On the whole, I like police officers. They get a bad rap, but those that I have met have largely been pleasant, friendly people with a genuine interest in helping their communities. They are usually not interested in harassing citizens for the fun of it. In fact, none of them appear to look at their work as fun, but as a job and a necessary service to the community they belong to. Most officers understand and respect what they can and cannot do in the course of that service. But, just as nobody ever seems to suspect that their neighbor could do some horrific, criminal thing, we can’t always assume immaculate behavior from police officers. They are human, and like all of us, they make mistakes and sometimes they simply behave badly. Cameras would help prevent and prosecute incidents of police brutality, excessive force and other violations of the law by police officers, and it would help innocent officers keep their names out of the mud. This would save the city millions of dollars in settlements, more than paying for the cameras’ bill. As of Aug. 17, the Minneapolis Police Department faces 61 excessive force lawsuits, 53 of which were filed in the last three years. One officer is responsible for 13 excessive force complaints since he was hired in 2000. The city and other agencies settled nine of these for a total cost of over $700,000. The city of Minneapolis evidently believes this officer is worth keeping around. Video cameras would certainly help clear up the cases, one way or the other.  

Not only would cameras protect police officers’ reputations; they could help protect their lives –– or at least ensure the capture of those who perpetuate violence against police officers. Five Minneapolis police officers were killed between 2009 and the end of 2012, one of which sparked the city’s longest investigation in a case of this kind since 1970. This represents a substantial spike from the period of relative stability in the ranks between 1998 and 2008. The Minneapolis police force appears hesitant to adopt a more stringent policy regarding cameras, but ultimately the cameras would do more to protect officers than to harm them, especially if they do their jobs the way regulations prescribe.

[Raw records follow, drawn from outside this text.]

(* Let $n\ge1$ and let $(P_n,A_n,\lambda)$ be the Gelfand–Tsetlin marked poset with marking $\lambda_0\ge\lambda_1\ge\cdots\ge\lambda_n$. Then: (1) if $\lambda_0>\lambda_1>\cdots>\lambda_n$, then $(P_n,A_n,\lambda)$ is a regular marked poset; (2) $\operatorname{St}(P_n)=\{p_{i,j}: 1\le i<j<n\}$.
   Context: $P_n$ is the poset on $\{p_{i,j}: 0\le i\le j\le n\}$ whose cover relations are exactly $p_{i-1,j}\to p_{i,j}\to p_{i-1,j-1}$ for $1\le i\le j\le n$, where $q\to p$ means $p$ covers $q$ (i.e. $q\prec p$ with nothing strictly between). $A_n=\{p_{0,0},p_{0,1},\dots,p_{0,n}\}$, and the marking $\lambda:A_n\to\mathbb{Z}_{\ge0}$ is $\lambda(p_{0,k})=\lambda_k$. For $p\in P$, let $p\to$ denote the set of elements covering $p$ and $\rightsquigarrow p$ the set of maximal chains ending in $p$, i.e. chains $r_0\to\cdots\to r_k=p$ with $r_0$ minimal. $p$ is a star element if $|p\to|\ge2$ and $|\rightsquigarrow p|\ge2$; $\operatorname{St}(P)$ is the set of star elements. A marked poset $(P,A,\lambda)$ ($A$ containing all extremal elements, $\lambda:A\to\mathbb{Z}_{\ge0}$) is regular if: (1) there are no $a,b\in A$ with $a\to b$; (2) $\lambda_a\ne\lambda_b$ for $a\ne b\in A$; (3) if $a\in A$, $x\in P\setminus A$, $a\to x$, there is no $b\in A$ with $b\prec x$ and $\lambda_a<\lambda_b$; (4) if $a\in A$, $x\in P\setminus A$, $x\to a$, there is no $b\in A$ with $x\prec b$ and $\lambda_b<\lambda_a$. *)

theory Defs
  imports Main
begin

text \<open>A finite poset is given by a carrier P and its cover relation cov,
  where cov q p means that p covers q (written q \<rightarrow> p in the paper).\<close>

definition strict_less :: "('a \<Rightarrow> 'a \<Rightarrow> bool) \<Rightarrow> 'a \<Rightarrow> 'a \<Rightarrow> bool" where
  "strict_less cov = cov\<^sup>+\<^sup>+"

definition is_minimal :: "'a set \<Rightarrow> ('a \<Rightarrow> 'a \<Rightarrow> bool) \<Rightarrow> 'a \<Rightarrow> bool" where
  "is_minimal P cov x \<longleftrightarrow> x \<in> P \<and> \<not> (\<exists>q\<in>P. strict_less cov q x)"

definition is_maximal :: "'a set \<Rightarrow> ('a \<Rightarrow> 'a \<Rightarrow> bool) \<Rightarrow> 'a \<Rightarrow> bool" where
  "is_maximal P cov x \<longleftrightarrow> x \<in> P \<and> \<not> (\<exists>q\<in>P. strict_less cov x q)"

definition covering_set :: "'a set \<Rightarrow> ('a \<Rightarrow> 'a \<Rightarrow> bool) \<Rightarrow> 'a \<Rightarrow> 'a set" where
  "covering_set P cov p = {q \<in> P. cov p q}"

definition chains_to :: "'a set \<Rightarrow> ('a \<Rightarrow> 'a \<Rightarrow> bool) \<Rightarrow> 'a \<Rightarrow> 'a list set" where
  "chains_to P cov p = {rs. rs \<noteq> [] \<and> set rs \<subseteq> P \<and> last rs = p \<and>
      (\<forall>i. Suc i < length rs \<longrightarrow> cov (rs ! i) (rs ! Suc i)) \<and> is_minimal P cov (hd rs)}"

definition star_elements :: "'a set \<Rightarrow> ('a \<Rightarrow> 'a \<Rightarrow> bool) \<Rightarrow> 'a set" where
  "star_elements P cov = {p \<in> P. card (covering_set P cov p) \<ge> 2 \<and> card (chains_to P cov p) \<ge> 2}"

definition regular_marked_poset ::
  "'a set \<Rightarrow> ('a \<Rightarrow> 'a \<Rightarrow> bool) \<Rightarrow> 'a set \<Rightarrow> ('a \<Rightarrow> nat) \<Rightarrow> bool" where
  "regular_marked_poset P cov A lam \<longleftrightarrow>
     A \<subseteq> P \<and> {x \<in> P. is_minimal P cov x \<or> is_maximal P cov x} \<subseteq> A \<and>
     \<not> (\<exists>a\<in>A. \<exists>b\<in>A. cov a b) \<and>
     (\<forall>a\<in>A. \<forall>b\<in>A. a \<noteq> b \<longrightarrow> lam a \<noteq> lam b) \<and>
     (\<forall>a\<in>A. \<forall>x\<in>P - A. cov a x \<longrightarrow>
        \<not> (\<exists>b\<in>A. strict_less cov b x \<and> lam a < lam b)) \<and>
     (\<forall>a\<in>A. \<forall>x\<in>P - A. cov x a \<longrightarrow>
        \<not> (\<exists>b\<in>A. strict_less cov x b \<and> lam b < lam a))"

text \<open>p_{i,j} is represented by the pair (i, j).\<close>
definition GT_P :: "nat \<Rightarrow> (nat \<times> nat) set" where
  "GT_P n = {(i, j). i \<le> j \<and> j \<le> n}"

definition GT_cov :: "nat \<Rightarrow> nat \<times> nat \<Rightarrow> nat \<times> nat \<Rightarrow> bool" where
  "GT_cov n q p \<longleftrightarrow> (\<exists>i j. 1 \<le> i \<and> i \<le> j \<and> j \<le> n \<and>
      ((q = (i - 1, j) \<and> p = (i, j)) \<or> (q = (i, j) \<and> p = (i - 1, j - 1))))"

definition GT_A :: "nat \<Rightarrow> (nat \<times> nat) set" where
  "GT_A n = {(0, k) | k. k \<le> n}"

text \<open>Marking lam(p_{0,k}) = lam_k (only its values on GT_A matter).\<close>
definition GT_mark :: "(nat \<Rightarrow> nat) \<Rightarrow> nat \<times> nat \<Rightarrow> nat" where
  "GT_mark lam p = lam (snd p)"

end

theory Submission
  imports Defs
begin

(* Every cover p_{i-1,j} \<rightarrow> p_{i,j} or p_{i,j} \<rightarrow> p_{i-1,j-1} raises the rank i - 2j by one and
   increases neither j nor j - i.  Hence p_{0,n} is the unique minimal element, and the only covers
   leaving or entering a marked element are p_{0,j} \<rightarrow> p_{1,j} and p_{1,k+1} \<rightarrow> p_{0,k}; comparing
   j, resp. j - i, with the other marked element then yields regularity.
   An element p_{i,j} has two upper covers iff 1 \<le> i < j.  A chain to p_{i,n} never leaves the
   line j = n, so it is unique.  For j < n, a chain may climb that line to p_{c,n}, step either up
   to p_{c+1,n} or down to p_{c-1,n-1}, and then descend diagonally from p_{c,n-1} to p_{i,j}. *)

lemma strict_less_preserved:
  assumes "strict_less cov q p" and "transp R" and "\<And>x y. cov x y \<Longrightarrow> R (f x) (f y)"
  shows "R (f q) (f p)"
  using assms(1) unfolding strict_less_def
  by (induction rule: tranclp_induct) (use assms(2,3) in \<open>auto dest: transpD\<close>)
(* Let $\{x^k\}\subset\mathbb{R}^n$ be a bounded sequence with $x^k\neq x^{k+1}$ for all $k\in\mathbb{N}$. Suppose: (H1) there is a function $\Psi:\mathbb{R}^n\to[-\infty,\infty]$ such that $\{\Psi(x^k)\}$ is well defined (real), non-negative and converges to $0$; (H2) there is $D>0$ such that for all sufficiently large $k$, $\Psi(x^k)-\Psi(x^{k+1})\ge D\|x^k-x^{k+1}\|^2$; (H3) there are $\eta\in(0,\infty]$, a differentiable concave function $\varphi:[0,\eta)\to\mathbb{R}_+$ with $\varphi(0)=0$ and $\varphi'>0$ on $(0,\eta)$, and constants $C_1,C_2\ge0$ with $C_1+C_2>0$, such that for all sufficiently large $k$, $\Psi(x^k)<\eta$ and $\varphi'(\Psi(x^k))\,\big(C_1\|x^k-x^{k+1}\|+C_2\|x^{k-1}-x^k\|\big)\ge1$. Then for all sufficiently large $k$, $$\tfrac34\|x^k-x^{k+1}\|\le\tfrac14\|x^{k-1}-x^k\|+\frac{\max\{C_1,C_2\}}{D}\big(\varphi(\Psi(x^k))-\varphi(\Psi(x^{k+1}))\big),$$ and $\sum_{k}\|x^k-x^{k+1}\|<\infty$; in particular the sequence $\{x^k\}$ is convergent. *)

theory Defs
  imports "HOL-Analysis.Analysis"
begin

end

theory Submission
  imports Defs
begin

text \<open>
  Set \<open>a\<^sub>k = \<parallel>x\<^sub>k - x\<^sub>k\<^sub>+\<^sub>1\<parallel>\<close>, \<open>p\<^sub>k = \<Psi>(x\<^sub>k)\<close> and \<open>\<Delta>\<^sub>k = \<phi>(p\<^sub>k) - \<phi>(p\<^sub>k\<^sub>+\<^sub>1)\<close>.
  Concavity of \<open>\<phi>\<close> gives \<open>\<Delta>\<^sub>k \<ge> \<phi>'(p\<^sub>k) (p\<^sub>k - p\<^sub>k\<^sub>+\<^sub>1) \<ge> \<phi>'(p\<^sub>k) D a\<^sub>k\<^sup>2\<close>, and
  multiplying by \<open>C\<^sub>1 a\<^sub>k + C\<^sub>2 a\<^sub>k\<^sub>-\<^sub>1\<close>, whose product with \<open>\<phi>'(p\<^sub>k)\<close> is at least 1,
  yields \<open>a\<^sub>k\<^sup>2 \<le> (a\<^sub>k + a\<^sub>k\<^sub>-\<^sub>1) (max C\<^sub>1 C\<^sub>2 / D) \<Delta>\<^sub>k\<close>.  The AM-GM inequality turns this
  into \<open>3/4 a\<^sub>k \<le> 1/4 a\<^sub>k\<^sub>-\<^sub>1 + (max C\<^sub>1 C\<^sub>2 / D) \<Delta>\<^sub>k\<close>.  Summing, the terms \<open>\<Delta>\<^sub>k\<close>
  telescope to a bounded quantity because \<open>\<phi> \<ge> 0\<close>, so \<open>\<Sum> a\<^sub>k\<close> is finite and \<open>x\<close>
  is a Cauchy sequence.
\<close>

lemma concave_on_imp_below_tangent:
  fixes f :: "real \<Rightarrow> real"
  assumes concave: "concave_on A f" and connected: "connected A"
    and c: "c \<in> interior A" and y: "y \<in> A"
    and deriv: "(f has_field_derivative f') (at c within A)"
  shows "f c - f y \<ge> f' * (c - y)"
proof -
  have convex: "convex_on A (\<lambda>t. - f t)"
    using concave unfolding concave_on_def .
  have "((\<lambda>t. - f t) has_field_derivative - f') (at c within A)"
    using deriv by (rule DERIV_minus)
  then have "- f y - - f c \<ge> - f' * (y - c)"
    by (rule convex_on_imp_above_tangent[OF convex connected c y])
  then show ?thesis
    by (simp add: algebra_simps)
qed
(* Let $\Sigma_1$ and $\Sigma_2$ be connected graphs (multiple edges allowed, no loops) with $n$ vertices each containing exactly one cycle. If $\Sigma_1^*\cong\Sigma_2^*$, then $\Sigma_1\cong\Sigma_2$.
   Context: A cycle may consist of two vertices joined by two parallel edges. For such a graph $\Sigma$, the dual graph $\Sigma^*$ has as vertices the edges of $\Sigma$; two vertices are joined by an edge if the corresponding edges have a common endpoint, except that if two edges of $\Sigma$ form a cycle (i.e., are parallel edges), the corresponding vertices of $\Sigma^*$ are joined by a dotted edge (a distinguished edge type). Isomorphisms of dual graphs preserve the edge types. *)

theory Defs
  imports Main
begin

text \<open>A finite multigraph without loops: vertex set V, edge set E (abstract edge
  identifiers, so parallel edges are allowed), and an incidence map giving each
  edge its set of two distinct endpoints.\<close>

definition multigraph :: "'v set \<Rightarrow> 'e set \<Rightarrow> ('e \<Rightarrow> 'v set) \<Rightarrow> bool" where
  "multigraph V E ends \<longleftrightarrow> finite V \<and> finite E \<and>
     (\<forall>e\<in>E. ends e \<subseteq> V \<and> card (ends e) = 2)"

definition mg_adj :: "'e set \<Rightarrow> ('e \<Rightarrow> 'v set) \<Rightarrow> ('v \<times> 'v) set" where
  "mg_adj E ends = {(u, v). \<exists>e\<in>E. ends e = {u, v}}"

definition mg_connected :: "'v set \<Rightarrow> 'e set \<Rightarrow> ('e \<Rightarrow> 'v set) \<Rightarrow> bool" where
  "mg_connected V E ends \<longleftrightarrow> (\<forall>u\<in>V. \<forall>v\<in>V. (u, v) \<in> (mg_adj E ends)\<^sup>*)"

text \<open>A cycle is a nonempty set of edges forming a connected 2-regular subgraph
  (on the vertices it covers). Two parallel edges form a cycle of length 2.\<close>

definition mg_cycle :: "'e set \<Rightarrow> ('e \<Rightarrow> 'v set) \<Rightarrow> 'e set \<Rightarrow> bool" where
  "mg_cycle E ends C \<longleftrightarrow> C \<subseteq> E \<and> C \<noteq> {} \<and>
     (\<forall>v\<in>\<Union>(ends ` C). card {e\<in>C. v \<in> ends e} = 2) \<and>
     mg_connected (\<Union>(ends ` C)) C ends"

definition unicyclic :: "'e set \<Rightarrow> ('e \<Rightarrow> 'v set) \<Rightarrow> bool" where
  "unicyclic E ends \<longleftrightarrow> (\<exists>!C. mg_cycle E ends C)"

text \<open>Dual graph: vertices are the edges E. Dotted edge between two distinct edges
  forming a cycle (parallel edges); ordinary edge between two distinct edges with a
  common endpoint that do not form a cycle.\<close>

definition dual_dotted :: "'e set \<Rightarrow> ('e \<Rightarrow> 'v set) \<Rightarrow> 'e \<Rightarrow> 'e \<Rightarrow> bool" where
  "dual_dotted E ends e f \<longleftrightarrow> e \<in> E \<and> f \<in> E \<and> e \<noteq> f \<and> mg_cycle E ends {e, f}"

definition dual_solid :: "'e set \<Rightarrow> ('e \<Rightarrow> 'v set) \<Rightarrow> 'e \<Rightarrow> 'e \<Rightarrow> bool" where
  "dual_solid E ends e f \<longleftrightarrow> e \<in> E \<and> f \<in> E \<and> e \<noteq> f \<and>
     ends e \<inter> ends f \<noteq> {} \<and> \<not> mg_cycle E ends {e, f}"

definition dual_iso ::
  "'e set \<Rightarrow> ('e \<Rightarrow> 'v set) \<Rightarrow> 'f set \<Rightarrow> ('f \<Rightarrow> 'w set) \<Rightarrow> bool" where
  "dual_iso E1 ends1 E2 ends2 \<longleftrightarrow> (\<exists>\<phi>. bij_betw \<phi> E1 E2 \<and>
     (\<forall>e\<in>E1. \<forall>f\<in>E1.
        (dual_solid E1 ends1 e f \<longleftrightarrow> dual_solid E2 ends2 (\<phi> e) (\<phi> f)) \<and>
        (dual_dotted E1 ends1 e f \<longleftrightarrow> dual_dotted E2 ends2 (\<phi> e) (\<phi> f))))"

definition mg_iso ::
  "'v set \<Rightarrow> 'e set \<Rightarrow> ('e \<Rightarrow> 'v set) \<Rightarrow> 'w set \<Rightarrow> 'f set \<Rightarrow> ('f \<Rightarrow> 'w set) \<Rightarrow> bool" where
  "mg_iso V1 E1 ends1 V2 E2 ends2 \<longleftrightarrow> (\<exists>\<alpha> \<beta>. bij_betw \<alpha> V1 V2 \<and> bij_betw \<beta> E1 E2 \<and>
     (\<forall>e\<in>E1. ends2 (\<beta> e) = \<alpha> ` ends1 e))"

end

theory Submission
  imports Defs
begin

text \<open>
  A dual isomorphism is a bijection \<open>\<phi>\<close> between the edge sets that preserves meeting and
  parallelism. Three distinct pairwise meeting edges either share an endpoint or form a triangle.

  If \<open>\<phi>\<close> preserves triangles, it maps the edges at a vertex \<open>v\<close> onto the edges at a vertex
  \<open>w\<close>: if the edges at \<open>v\<close> are all parallel, \<open>w\<close> is the endpoint of their images that carries
  no further edge; otherwise \<open>w\<close> is the unique common endpoint of the images of two non-parallel
  edges at \<open>v\<close>. With at least three vertices a vertex is determined by its incident edges, so
  \<open>v \<mapsto> w\<close> is the vertex bijection.

  Otherwise some triangle is mapped to a claw with centre \<open>w\<close> (or conversely). In a unicyclic
  graph no edge outside a triangle meets all three of its edges, so the claw contains every edge
  at \<open>w\<close>, and any other edge joins two leaves of the claw and closes a triangle with it. By
  uniqueness of the cycle there is exactly one such edge, and both graphs are the paw, a triangle
  with a pendant edge. Graphs with two vertices are isomorphic as soon as they have equally many
  edges.
\<close>

lemma card_2_eq_doubleton: "card A = 2 \<Longrightarrow> x \<in> A \<Longrightarrow> y \<in> A \<Longrightarrow> x \<noteq> y \<Longrightarrow> A = {x, y}"
  by (auto simp: card_2_iff)

lemma card_2_obtain_other:
  assumes "card A = 2" "x \<in> A"
  obtains y where "A = {x, y}" "y \<noteq> x"
  using assms by (auto simp: card_2_iff)

lemma multigraph_card_ends: "multigraph V E ends \<Longrightarrow> e \<in> E \<Longrightarrow> card (ends e) = 2"
  by (simp add: multigraph_def)

lemma multigraph_ends_subset: "multigraph V E ends \<Longrightarrow> e \<in> E \<Longrightarrow> ends e \<subseteq> V"
  by (simp add: multigraph_def)

section \<open>Cycles and triangles\<close>

lemma mg_cycle_pair_iff:
  assumes mg: "multigraph V E ends" and "e \<in> E" "f \<in> E" "e \<noteq> f"
  shows "mg_cycle E ends {e, f} \<longleftrightarrow> ends e = ends f"
proof
  assume "mg_cycle E ends {e, f}"
  then have two: "card {g \<in> {e, f}. v \<in> ends g} = 2" if "v \<in> ends e \<union> ends f" for v
    using that by (simp add: mg_cycle_def)
  have "v \<in> ends e \<and> v \<in> ends f" if "v \<in> ends e \<union> ends f" for v
  proof (rule ccontr)
    assume "\<not> (v \<in> ends e \<and> v \<in> ends f)"
    then obtain k where "{g \<in> {e, f}. v \<in> ends g} \<subseteq> {k}"
      by auto
    then have "card {g \<in> {e, f}. v \<in> ends g} \<le> 1"
      using card_mono[of "{k}"] by fastforce
    with two that show False by simp
  qed
  then show "ends e = ends f" by blast
next
  assume eq: "ends e = ends f"
  obtain u w where uw: "ends e = {u, w}" "u \<noteq> w"
    using multigraph_card_ends[OF mg \<open>e \<in> E\<close>] by (auto simp: card_2_iff)
  have un: "\<Union>(ends ` {e, f}) = {u, w}"
    using eq uw by auto
  have "card {g \<in> {e, f}. v \<in> ends g} = 2" if "v \<in> {u, w}" for v
  proof -
    have "{g \<in> {e, f}. v \<in> ends g} = {e, f}"
      using that eq uw by auto
    then show ?thesis using \<open>e \<noteq> f\<close> by simp
  qed
  moreover have "(v, v') \<in> (mg_adj {e, f} ends)\<^sup>*" if "v \<in> {u, w}" "v' \<in> {u, w}" for v v'
  proof (cases "v = v'")
    case False
    with that uw have "(v, v') \<in> mg_adj {e, f} ends"
      by (auto simp: mg_adj_def)
    then show ?thesis by simp
  qed simp
  ultimately show "mg_cycle E ends {e, f}"
    unfolding mg_cycle_def mg_connected_def un using \<open>e \<in> E\<close> \<open>f \<in> E\<close> by auto
qed
(* Let $F:\mathcal{S}^{n\times n}\to\mathbb{R}$ be differentiable with $\|\nabla F(\boldsymbol{X}_1)-\nabla F(\boldsymbol{X}_2)\|_F\le L_F\|\boldsymbol{X}_1-\boldsymbol{X}_2\|_F$ for all $\boldsymbol{X}_1,\boldsymbol{X}_2\in\mathcal{S}^{n\times n}$, where $L_F>0$. Define $f(\boldsymbol{Q},\boldsymbol{\lambda})=F(\boldsymbol{Q}\operatorname{Diag}(\boldsymbol{\lambda})\boldsymbol{Q}^\top)$ and restrict it to $\mathcal{O}(n,n)\times\mathcal{C}$, where $\mathcal{C}\subseteq\mathbb{R}^n$ is bounded with $\|\boldsymbol{\lambda}\|\le D$ for all $\boldsymbol{\lambda}\in\mathcal{C}$. Then $f$ (with $\boldsymbol{x}=\boldsymbol{Q}$, $\boldsymbol{y}=\boldsymbol{\lambda}$) satisfies the following Lipschitz conditions: (i) there is $L_y\ge0$ with $\|\nabla_{\boldsymbol{\lambda}}f(\boldsymbol{Q},\boldsymbol{\lambda}_1)-\nabla_{\boldsymbol{\lambda}}f(\boldsymbol{Q},\boldsymbol{\lambda}_2)\|\le L_y\|\boldsymbol{\lambda}_1-\boldsymbol{\lambda}_2\|$; (ii) there is $L_x\ge1$ such that for every $\boldsymbol{\lambda}\in\mathcal{C}$, $f(\cdot,\boldsymbol{\lambda})$ has a gradient Lipschitz retraction on $\mathcal{O}(n,n)$ with constant $L_x$, with respect to the exponential map and with respect to a retraction on $\mathcal{O}(n,n)$, i.e. $f(R(\boldsymbol{Q},\boldsymbol{V}),\boldsymbol{\lambda})\le f(\boldsymbol{Q},\boldsymbol{\lambda})+\langle\operatorname{grad}_Qf(\boldsymbol{Q},\boldsymbol{\lambda}),\boldsymbol{V}\rangle+\frac{L_x}{2}\|\boldsymbol{V}\|_F^2$ for all $\boldsymbol{Q}\in\mathcal{O}(n,n)$, $\boldsymbol{V}\in T_{\boldsymbol{Q}}\mathcal{O}(n,n)$; (iii) there is $L_{xy}\ge0$ with $\|\nabla_{\boldsymbol{\lambda}}f(\boldsymbol{U},\boldsymbol{\lambda})-\nabla_{\boldsymbol{\lambda}}f(\boldsymbol{V},\boldsymbol{\lambda})\|\le L_{xy}\|\boldsymbol{U}-\boldsymbol{V}\|_F$ for all $\boldsymbol{U},\boldsymbol{V}\in\mathcal{O}(n,n)$, $\boldsymbol{\lambda}\in\mathcal{C}$.
   Context: $\mathcal{S}^{n\times n}$: real symmetric matrices with the Frobenius inner product; $\mathcal{O}(n,n)$: orthogonal $n\times n$ matrices viewed as a Riemannian submanifold of $\mathbb{R}^{n\times n}$ with the Frobenius inner product; $\operatorname{grad}_Q$ the Riemannian gradient in $\boldsymbol{Q}$; $\nabla_{\boldsymbol{\lambda}}$ the Euclidean gradient in $\boldsymbol{\lambda}$. A retraction is a smooth map $R:T\mathcal{O}(n,n)\to\mathcal{O}(n,n)$ with $R(\boldsymbol{Q},\boldsymbol{0})=\boldsymbol{Q}$ and $DR(\boldsymbol{Q},\cdot)(\boldsymbol{0})=\mathrm{id}$. *)

theory Defs
  imports "HOL-Analysis.Analysis"
begin

type_synonym 'n mat = "real^'n^'n"

text \<open>Real symmetric matrices (Frobenius inner product = the inner product of real^'n^'n).\<close>
definition sym_mats :: "('n::finite) mat set" where
  "sym_mats = {X. transpose X = X}"

definition orth_group :: "('n::finite) mat set" where
  "orth_group = {Q. orthogonal_matrix Q}"

definition tangent_orth :: "('n::finite) mat \<Rightarrow> ('n::finite) mat set" where
  "tangent_orth Q = {V. transpose Q ** V + transpose V ** Q = 0}"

Police already use body cameras in many major cities. The New York Police Department will deploy them in certain high-stop neighborhoods, and the city of Oakland, Calif. uses 500 such cameras, one for most of about 600 officers. New Orleans talks to implement body-camera surveillance soon, too. In Seattle, the home of many Whitman students, the last mention of such cameras came in 2011. It’s high time to resurrect that idea. From a technical and economical standpoint, cameras become more viable every year. The arguments against them are fast disappearing.  

In Walla Walla, we may have to wait a while for a proposal of this kind to gain any steam. Cameras are expensive, and they require a fair amount of systems overhaul and political juggling. In a small town like this where it’s much easier to keep a police force in check without them, I can understand that the investment might be a little much. But police officers may want them for their own protection. The camera trend is an exciting one, and I hope it will eventually spread nationwide for the benefit of law-abiding citizens, unfairly treated criminals and police officers alike.